Crooklyn is one of my favorite Spike Lee movies. It was sweet and poignant. I loved the dynamic of the family. It always broke my heart when Alfre Woodard’s character dies. The kids was always too cute. It is also a sweet bit of nostalgia. The Soul Train line dance. The natural hairstyles it was just a sweet homage to the 70′s. Didn’t see Claudine.
Precious was hard and ugly to watch. I remember sitting in the theater. White people were uncomfortable and there was nervous laughter coming from them. They were laughing in all the wrong parts of different scenes in the film that were uncomfortable. I don’t care for Lee Daniel’s work. I hated Monster’s Ball as well.
@Peanut ; Lackawanna Blues was an excellent film.
The little girl in Crooklin just stole my heart. I always liked the Alfre Woodard’s character always referred to her as “Ladybug”. Such a special bond between a mother and daughter.
^Yeah, the relationship between Troy and the mother was nicely, warmly characterized.
@Mary
not to derail, but why even go see Precious? I stayed faaaaar away from the movie theaters when that flick was playing.
@ Mary,
great points…precious was disgusting to me…i don’t know any black people who act live like precious and no “We are NOT all Precious.” This is NOT to discount those who are victims of sexual and physical abuse at all…but there’s a way that you go about doing those type of films without degrading entire races of people and white people have incest and stuff in their families too…but we never see that pumped as THE ONLY experience associated with being white.
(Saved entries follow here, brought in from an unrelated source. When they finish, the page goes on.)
lemma num_profile_tilings_short:
  "first_zero h < length h \<Longrightarrow> 0 < n \<Longrightarrow> n < 3 \<Longrightarrow> num_profile_tilings h n =
    (if first_zero h + 2 < length h \<and> h ! (first_zero h + 1) = 0 \<and> h ! (first_zero h + 2) = 0
     then num_profile_tilings (h[first_zero h := 1, first_zero h + 1 := 1, first_zero h + 2 := 1]) n
     else 0)"
  by (simp add: num_profile_tilings_first_zero)

text \<open>Simplifying with these rules unfolds the recursion on a concrete profile as long as the length
  is known to be at least 3 (or positive, once the bottom row is covered); both sides of each
  recurrence below then reduce to the same combination of counts.\<close>

lemmas num_profile_tilings_eval =
  num_profile_tilings_lower num_profile_tilings_tall num_profile_tilings_short first_zero_def

definition strip_tilings :: "nat \<Rightarrow> nat" where
  "strip_tilings n = num_profile_tilings [0, 0, 0, 0, 0] n"

definition trough_tilings :: "nat \<Rightarrow> nat \<Rightarrow> nat" where
  "trough_tilings d n = num_profile_tilings [d, d, 0, 0, 0] n + num_profile_tilings [d, 0, 0, 0, d] n +
    num_profile_tilings [0, 0, 0, d, d] n"

lemma strip_tilings_step: "strip_tilings (n + 3) = strip_tilings n + trough_tilings 2 (n + 2)"
  by (simp add: strip_tilings_def trough_tilings_def num_profile_tilings_eval)

lemma trough_tilings_2_step: "trough_tilings 2 (n + 5) = trough_tilings 2 (n + 2) + trough_tilings 1 (n + 4)"
  by (simp add: strip_tilings_def trough_tilings_def num_profile_tilings_eval)

lemma trough_tilings_1_step: "trough_tilings 1 (n + 4) = trough_tilings 1 (n + 1) + 3 * strip_tilings (n + 3)"
  by (simp add: strip_tilings_def trough_tilings_def num_profile_tilings_eval)

lemma strip_tilings_initial: "strip_tilings 0 = 1" "strip_tilings 3 = 4" "strip_tilings 6 = 22"
  by (simp_all add: strip_tilings_def num_profile_tilings_eval)

lemma strip_tilings_recurrence:
  "strip_tilings (m + 9) + 3 * strip_tilings (m + 3) = 6 * strip_tilings (m + 6) + strip_tilings m"
proof -
  have "strip_tilings (m + 9) = strip_tilings (m + 6) + trough_tilings 2 (m + 8)"
    using strip_tilings_step[of "m + 6"] by (simp add: ac_simps)
  moreover have "strip_tilings (m + 6) = strip_tilings (m + 3) + trough_tilings 2 (m + 5)"
    using strip_tilings_step[of "m + 3"] by (simp add: ac_simps)
  moreover have "strip_tilings (m + 3) = strip_tilings m + trough_tilings 2 (m + 2)"
    by (rule strip_tilings_step)
  moreover have "trough_tilings 2 (m + 8) = trough_tilings 2 (m + 5) + trough_tilings 1 (m + 7)"
    using trough_tilings_2_step[of "m + 3"] by (simp add: ac_simps)
  moreover have "trough_tilings 2 (m + 5) = trough_tilings 2 (m + 2) + trough_tilings 1 (m + 4)"
    by (rule trough_tilings_2_step)
  moreover have "trough_tilings 1 (m + 7) = trough_tilings 1 (m + 4) + 3 * strip_tilings (m + 6)"
    using trough_tilings_1_step[of "m + 3"] by (simp add: ac_simps)
  ultimately show ?thesis
    by linarith
qed

lemma rect_eq_profile_region: "rect 5 n = profile_region [0, 0, 0, 0, 0] n"
  by (auto simp: rect_def profile_region_def less_Suc_eq numeral_eq_Suc nth_Cons split: nat.splits)

lemma T13_5_eq_strip_tilings: "T13_5 N = (if 5 dvd N then strip_tilings (3 * (N div 5)) else 0)"
proof (cases "5 dvd N")
  case True
  then obtain k where N: "N = 5 * k" by blast
  have "card T = N" if "T \<in> tilings 1 3 (rect 5 (3 * k))" for T
    using card_tiling[OF _ that] N by (simp add: rect_def card_cartesian_product)
  then have "{T. is_tiling 5 (3 * k) 1 3 T \<and> card T = N} = tilings 1 3 (rect 5 (3 * k))"
    by (auto simp: is_tiling_iff_tilings)
  then show ?thesis
    using N by (simp add: T13_5_def strip_tilings_def num_profile_tilings_def rect_eq_profile_region)
next
  case False
  then have "\<not> 5 dvd 3 * N" by presburger
  with False show ?thesis by (simp add: T13_5_def)
qed

lemma T13_5_recurrence: "T13_5 (N + 15) + 3 * T13_5 (N + 5) = 6 * T13_5 (N + 10) + T13_5 N"
proof (cases "5 dvd N")
  case True
  then obtain k where "N = 5 * k" by blast
  then show ?thesis
    using strip_tilings_recurrence[of "3 * k"]
    by (simp add: T13_5_eq_strip_tilings algebra_simps)
qed (simp add: T13_5_eq_strip_tilings dvd_add_left_iff)

lemma T13_5_initial:
  assumes "N < 15"
  shows "T13_5 N = (if N = 0 then 1 else if N = 5 then 4 else if N = 10 then 22 else 0)"
proof (cases "5 dvd N")
  case True
  then obtain k where "N = 5 * k" by blast
  with assms have "N = 0 \<and> k = 0 \<or> N = 5 \<and> k = 1 \<or> N = 10 \<and> k = 2" by presburger
  then show ?thesis
    by (auto simp: T13_5_eq_strip_tilings strip_tilings_initial)
qed (auto simp: T13_5_eq_strip_tilings intro!: gr0I)

lemma fps_T13_5_times_denominator:
  "Abs_fps (\<lambda>N. of_nat (T13_5 N) :: 'a :: comm_ring_1) * (1 - 6 * fps_X ^ 5 + 3 * fps_X ^ 10 - fps_X ^ 15) =
    (1 - fps_X ^ 5)\<^sup>2"
proof (rule fps_ext)
  fix N
  let ?A = "Abs_fps (\<lambda>N. of_nat (T13_5 N) :: 'a)"
  let ?t = "\<lambda>N. of_nat (T13_5 N) :: 'a"
  have "?A * (1 - 6 * fps_X ^ 5 + 3 * fps_X ^ 10 - fps_X ^ 15) =
      ?A - fps_const 6 * (?A * fps_X ^ 5) + fps_const 3 * (?A * fps_X ^ 10) - ?A * fps_X ^ 15"
    by (simp add: algebra_simps numeral_fps_const)
  then have lhs: "fps_nth (?A * (1 - 6 * fps_X ^ 5 + 3 * fps_X ^ 10 - fps_X ^ 15)) N =
      ?t N - 6 * (if N < 5 then 0 else ?t (N - 5)) + 3 * (if N < 10 then 0 else ?t (N - 10)) -
      (if N < 15 then 0 else ?t (N - 15))"
    by (simp add: fps_X_power_mult_right_nth)
  have "((1 - fps_X ^ 5)\<^sup>2 :: 'a fps) = 1 - fps_const 2 * fps_X ^ 5 + fps_X ^ 10"
    by (simp add: power2_eq_square algebra_simps numeral_fps_const power_add[symmetric])
  then have rhs: "fps_nth ((1 - fps_X ^ 5)\<^sup>2 :: 'a fps) N =
      (if N = 0 then 1 else 0) - 2 * (if N = 5 then 1 else 0) + (if N = 10 then 1 else 0)"
    by simp
  show "fps_nth (?A * (1 - 6 * fps_X ^ 5 + 3 * fps_X ^ 10 - fps_X ^ 15)) N = fps_nth ((1 - fps_X ^ 5)\<^sup>2) N"
  proof (cases "N < 15")
    case True
    then show ?thesis
      unfolding lhs rhs using T13_5_initial[of N] T13_5_initial[of "N - 5"] T13_5_initial[of "N - 10"]
      by auto
  next
    case False
    then obtain M where N: "N = M + 15"
      by (metis add.commute le_Suc_ex not_less)
    have "?t (M + 15) + 3 * ?t (M + 5) = 6 * ?t (M + 10) + ?t M"
      using arg_cong[OF T13_5_recurrence[of M], of "of_nat :: nat \<Rightarrow> 'a"] by simp
    then have "?t N - 6 * ?t (N - 5) + 3 * ?t (N - 10) - ?t (N - 15) = 0"
      unfolding N by (simp add: algebra_simps)
    with False show ?thesis
      unfolding lhs rhs by simp
  qed
qed

theorem mainTheorem2:
  shows "Abs_fps (\<lambda>N. of_nat (T13_5 N) :: rat) =
    (1 - fps_X ^ 5)\<^sup>2 / (1 - 6 * fps_X ^ 5 + 3 * fps_X ^ 10 - fps_X ^ 15)"
proof -
  let ?D = "1 - 6 * fps_X ^ 5 + 3 * fps_X ^ 10 - fps_X ^ 15 :: rat fps"
  have "fps_nth ?D 0 \<noteq> 0"
    by simp
  then have "?D \<noteq> 0"
    by (metis fps_zero_nth)
  then show ?thesis
    using fps_T13_5_times_denominator[where 'a = rat] by (metis fps_divide_times_eq)
qed

end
i can understand how white people were laughing at all the wrong times…whenever i’m in a theater seeing a black movie and there are white people there…they either never get the jokes or laugh at the wrong things
most white people though not all, are just awkward when it comes to black movies
@Legion; I wanted to give it a chance to see what it was about. Big Mistake. I thought that was just a disgusting film. And I love movies. But Lee Daniel I am not a fan of director Lee Daniel’s work.
Abagond, you should do a review of Black Belt Jones / Jim Kelly.
Of course the inherent coolness of the 70s pics might be enough. Lol!.
http://pop-sesivo.tumblr.com/image/15800861628
Another fan of Crooklyn, this movie is one of my top favs that I can watch at any point and sit to the very end. Such a lovely coming of age story. Favorite scene is when the Aunt is looking for *Queenie*, hilarious! I just recently watched this on HBO.
@ Peanut
Because white feelings about blacks are limited. They can fear them, laugh at them and sometimes pity them, but putting themselves in their shoes and feeling empathy is hard for them to do. Their lack of outrage at, say, Katrina or police brutality shows that. Empathy requires a sense of equality (“that could be me”), while pity, fear and laughing at someone do not.
Joie rhymes with Troy? I thought Ms. Lee pronounced her name ‘Zhwah’ not ‘Joy’?
Sometimes it’s hard to know if I like films with all Black characters, who are not stereotypes, just because there are Black people on the screen who aren’t stereotypes or if I really like the content of the film. Crooklyn falls into that category for me.
I love this movie, this is honestly one of Spike’s better movies.